I say scientific value, because at this point I wish to separate the literary and historical merits of his poem (its qualities as a poem and its value as a historical document) from what it has to offer of value as a scientific treatise. I also wish to stress that in trying to sort out the value of Lucretius’ scientific contributions, we need to remember that there is an important difference between a specific contribution to a scientific understanding of the natural world and the effort to encourage a particular approach to understanding nature (scientific or otherwise). The first is a matter of reasoned argument and convincing evidence; the second is an attempt at rhetorical persuasion (which may well involve rational argument but is not limited to that).

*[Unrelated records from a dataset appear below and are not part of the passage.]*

theorem theorem8:
  fixes d :: nat and X :: "complex vec" and c1 c2 :: real
  assumes "d \<ge> 2"
    and "unit_vec_c (d ^ 3) X"
    and "c1 > 0" and "c2 > 0"
  shows "\<exists>F. prob_qtrans (2 * d ^ 2 * d ^ 2) d F \<and>
    (\<forall>\<psi> \<phi> (\<alpha>::complex) (\<beta>::complex).
       unit_vec_c d \<psi> \<longrightarrow> unit_vec_c d \<phi> \<longrightarrow>
       (cmod (braket X (tensor_vec (tensor_vec \<psi> \<phi>) \<psi>)))\<^sup>2 = c1 \<longrightarrow>
       (cmod (braket X (tensor_vec (tensor_vec \<phi> \<psi>) \<phi>)))\<^sup>2 = c2 \<longrightarrow>
       \<alpha> \<noteq> 0 \<longrightarrow> \<beta> \<noteq> 0 \<longrightarrow> (cmod \<alpha>)\<^sup>2 + (cmod \<beta>)\<^sup>2 = 1 \<longrightarrow>
       (let \<mu> = vec 2 (\<lambda>i. if i = 0 then \<alpha> else \<beta>);
            e1 = braket X (tensor_vec (tensor_vec \<phi> \<psi>) \<phi>)
                 / complex_of_real (cmod (braket X (tensor_vec (tensor_vec \<phi> \<psi>) \<phi>)));
            e2 = braket X (tensor_vec (tensor_vec \<psi> \<phi>) \<psi>)
                 / complex_of_real (cmod (braket X (tensor_vec (tensor_vec \<psi> \<phi>) \<psi>)));
            w = (\<alpha> * e1) \<cdot>\<^sub>v \<psi> + (\<beta> * e2) \<cdot>\<^sub>v \<phi>;
            \<phi>' = complex_of_real (1 / vnorm w) \<cdot>\<^sub>v w;
            p = c1 * c2 / (c1 + c2) * (vnorm w)\<^sup>2
        in p \<noteq> 0 \<longrightarrow>
           F (tensor_mat (tensor_mat (tensor_mat (tensor_mat (proj \<mu>) (proj \<psi>)) (proj \<psi>))
                (proj \<phi>)) (proj \<phi>))
           = complex_of_real p \<cdot>\<^sub>m proj \<phi>'))"
proof -
  define K where "K = superposition_kraus d X c1 c2"
  have K: "K \<in> carrier_mat d (2 * d\<^sup>2 * d\<^sup>2)" by (simp add: K_def superposition_kraus_def contraction_op_carrier)
  have F: "prob_qtrans (2 * d\<^sup>2 * d\<^sup>2) d (\<lambda>A. K * A * mat_adj K)"
    using prob_qtrans_coisometry[OF K] superposition_kraus_coisometry[OF assms(2-4)] by (simp add: K_def)
  show ?thesis
  proof (rule exI[of _ "\<lambda>A. K * A * mat_adj K"], intro conjI allI impI, goal_cases)
    case 1
    show ?case by (fact F)
  next
    case (2 \<psi> \<phi> \<alpha> \<beta>)
    have X: "dim_vec X = d ^ 3" and \<psi>: "dim_vec \<psi> = d" and \<phi>: "dim_vec \<phi> = d"
      using assms(2) 2(1,2) by (simp_all add: unit_vec_c_def)
    show ?case
      using proj_mult_mat_vec_normalize[OF K _ superposition_kraus_output[OF X \<psi> \<phi> assms(3,4) 2(3,4),
            of \<alpha> \<beta>, folded K_def]] \<psi> \<phi> assms(3,4)
      by (simp add: Let_def proj_tensor_vec power2_eq_square)
  qed
qed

On the face of it, Lucretius’ poem is something of a disappointment as a scientific work. He is probably at his scientific best when he is refuting an opponent (although he is not always fair to his rival’s ideas, as in the case of Anaxagoras), when, that is, he raises key objections to the theories of those materialists who wish to explain that all matter is produced from one or more basic substances (fire, air, water, earth, individually or in combination). The objections may be obvious enough, but his treatment is effective and thorough. And his argument for the existence of atoms, for their properties, and for the ways in which a limited number of atomic shapes can produce the variety in materials we see all around us and also account for variations in colour, smell, and other sensations is, although not original to him, the strongest and most interesting scientific theory in the poem. If we measure the value of the poem by its scientific ideas, Lucretius’ presentation of materialistic atomism is an obvious highlight.

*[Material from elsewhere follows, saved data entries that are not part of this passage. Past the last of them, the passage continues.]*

lemma side_swap_eq_Compl:
  assumes "E v w"
  shows "side E w v = - side E v w"
proof -
  let ?D = "del_edge E v w"
  have False if xv: "?D\<^sup>*\<^sup>* x v" and xw: "?D\<^sup>*\<^sup>* x w" for x
  proof -
    have "?D\<^sup>*\<^sup>* v x" using symp_rtranclp[OF symp_del_edge] xv by (rule sympD)
    then have "?D\<^sup>*\<^sup>* v w" using xw by (rule rtranclp_trans)
    then show False using not_rtranclp_del_edge[OF assms] by blast
  qed
  moreover have "?D\<^sup>*\<^sup>* x v \<or> ?D\<^sup>*\<^sup>* x w" for x
    by (rule del_edge_reaches_endpoint[OF tree_connected])
  ultimately show ?thesis unfolding side_def del_edge_commute[of E w v] by blast
qed

(* A geodesic from x to w must cross the edge {v, w}; the part before the crossing is a
   shorter path that ends at v. *)
lemma tdist_less_if_in_side:
  assumes "E v w" and "x \<in> side E v w"
  shows "tdist E x v < tdist E x w"
proof -
  obtain xs where xs: "rtrancl_path E x xs w" "length xs = tdist E x w"
    by (rule rtrancl_path_tdist[OF tree_connected])
  have "x \<notin> side E w v" using side_swap_eq_Compl[OF assms(1)] assms(2) by blast
  then have "\<not> rtrancl_path (del_edge E v w) x ys w" for ys
    unfolding side_def del_edge_commute[of E w v] rtranclp_eq_rtrancl_path by blast
  with rtrancl_path_del_edge_or_shorter[OF xs(1), of v w]
  obtain ys where ys: "rtrancl_path (del_edge E v w) x ys v" "length ys < length xs"
    by blast
  have "rtrancl_path E x ys v" using ys(1) by (rule rtrancl_path_mono) (simp add: del_edge_def)
  then have "tdist E x v \<le> length ys" by (rule tdist_le)
  with ys(2) xs(2) show ?thesis by simp
qed

lemma half_tree_eq_side:
  assumes "E v w"
  shows "half_tree E v w = side E v w"
proof -
  have "E w v" using assms tree_sym by blast
  have "x \<in> side E v w \<longleftrightarrow> tdist E x v \<le> tdist E x w" for x
  proof
    show "tdist E x v \<le> tdist E x w" if "x \<in> side E v w"
      using tdist_less_if_in_side[OF assms that] by simp
    show "x \<in> side E v w" if "tdist E x v \<le> tdist E x w"
    proof (rule ccontr)
      assume "x \<notin> side E v w"
      then have "x \<in> side E w v" using side_swap_eq_Compl[OF assms] by blast
      from tdist_less_if_in_side[OF \<open>E w v\<close> this] that show False by simp
    qed
  qed
  moreover have "v \<noteq> w" using assms tree_irrefl by blast
  ultimately show ?thesis unfolding half_tree_def proj_edge_def by auto
qed

(* No path inside side E v w passes through a, hence none uses the edge {a, b}: the whole
   side lies in one component of the forest without {a, b}. *)
lemma side_subset_or_disjoint:
  assumes "E v w" "E a b" "a \<notin> side E v w"
  shows "side E v w \<subseteq> side E a b \<or> side E v w \<inter> side E a b = {}"
proof -
  let ?D = "del_edge E v w" and ?D' = "del_edge E a b"
  have to_v: "?D'\<^sup>*\<^sup>* x v" if "x \<in> side E v w" for x
  proof -
    from that have "?D\<^sup>*\<^sup>* x v" by (simp add: side_def)
    then show ?thesis
    proof (induction rule: converse_rtranclp_induct)
      case (step x y)
      have "?D\<^sup>*\<^sup>* x v" using step.hyps by (rule converse_rtranclp_into_rtranclp)
      then have "x \<in> side E v w" "y \<in> side E v w" using step.hyps(2) by (simp_all add: side_def)
      then have "x \<noteq> a" "y \<noteq> a" using assms(3) by blast+
      then have "?D' x y" using step.hyps(1) by (simp add: del_edge_def doubleton_eq_iff)
      then show ?case using step.IH by (rule converse_rtranclp_into_rtranclp)
    qed simp
  qed
  show ?thesis
  proof (cases "v \<in> side E a b")
    case True
    have "side E v w \<subseteq> side E a b"
    proof
      fix x assume "x \<in> side E v w"
      with True have "?D'\<^sup>*\<^sup>* x v" "?D'\<^sup>*\<^sup>* v a" by (simp_all add: to_v side_def)
      then show "x \<in> side E a b" unfolding side_def by (simp add: rtranclp_trans[of _ x v])
    qed
    then show ?thesis ..
  next
    case False
    then have "v \<in> side E b a" using side_swap_eq_Compl[OF assms(2)] by blast
    have "side E v w \<subseteq> side E b a"
    proof
      fix x assume "x \<in> side E v w"
      with \<open>v \<in> side E b a\<close> have "?D'\<^sup>*\<^sup>* x v" "?D'\<^sup>*\<^sup>* v b"
        by (simp_all add: to_v side_def del_edge_commute[of E b a])
      then show "x \<in> side E b a"
        unfolding side_def del_edge_commute[of E b a] by (simp add: rtranclp_trans[of _ x v])
    qed
    then show ?thesis using side_swap_eq_Compl[OF assms(2)] by blast
  qed
qed

lemma side_trichotomy:
  assumes "E v w" "E a b"
  shows "side E v w \<inter> side E a b = {} \<or> side E v w \<subseteq> side E a b \<or>
    side E a b \<subseteq> side E v w \<or> side E v w \<union> side E a b = UNIV"
proof (cases "a \<in> side E v w")
  case True
  have "E w v" using assms(1) by (rule tree_sym)
  moreover have "a \<notin> side E w v" using True side_swap_eq_Compl[OF assms(1)] by blast
  ultimately have "side E w v \<subseteq> side E a b \<or> side E w v \<inter> side E a b = {}"
    by (rule side_subset_or_disjoint[OF _ assms(2)])
  then show ?thesis using side_swap_eq_Compl[OF assms(1)] by blast
next
  case False
  then show ?thesis using side_subset_or_disjoint[OF assms] by blast
qed

lemma half_tree_trichotomy:
  assumes "is_half_tree E X" "is_half_tree E Y"
  shows "X \<inter> Y = {} \<or> X \<subseteq> Y \<or> Y \<subseteq> X \<or> X \<union> Y = UNIV"
proof -
  obtain v w a b where "E v w" "X = half_tree E v w" "E a b" "Y = half_tree E a b"
    using assms unfolding is_half_tree_def by blast
  then show ?thesis using side_trichotomy[of v w a b] by (simp add: half_tree_eq_side)
qed

end

lemma tree_aut_inv:
  assumes "g \<in> tree_aut E"
  shows "inv g \<in> tree_aut E"
proof -
  have "bij g" and E_g: "\<And>x y. E x y \<longleftrightarrow> E (g x) (g y)" using assms by (auto simp: tree_aut_def)
  have "E (inv g x) (inv g y) \<longleftrightarrow> E x y" for x y
    using E_g[of "inv g x" "inv g y"] bij_inv_eq_iff[OF \<open>bij g\<close>] by metis
  then show ?thesis using \<open>bij g\<close> by (simp add: tree_aut_def bij_imp_bij_inv)
qed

At this point one should acknowledge what many people find particularly interesting in the poem: its apparent anticipation of a number of modern ideas. These include the social contract, non-visible sources of solar heat, the water cycle, the development of language, and (perhaps) certain aspects of sexuality and heredity, among others. However, in the poem these are, for the most part, not given a firm theoretical basis—that is, they are not scientifically explained in any detail by atomic theory or anything else (other than the velocity of falling particles in empty space)—and, as often as not the differences between modern theories and what Lucretius offers are more significant than the superficial similarities, so that the very notion of an “anticipation” of modern theories is pure Whiggery (for example, in what people see in Book 5 as an early account of natural selection). And where we can recognize an obvious influence, that may not amount to a scientific contribution. For example, it may well be that that classic work of modern political sociology, Rousseau’s Second Discourse (On the Origins of Inequality) borrows heavily and directly from Lucretius, but the presentation in Lucretius is no more scientifically convincing than it is in Rousseau.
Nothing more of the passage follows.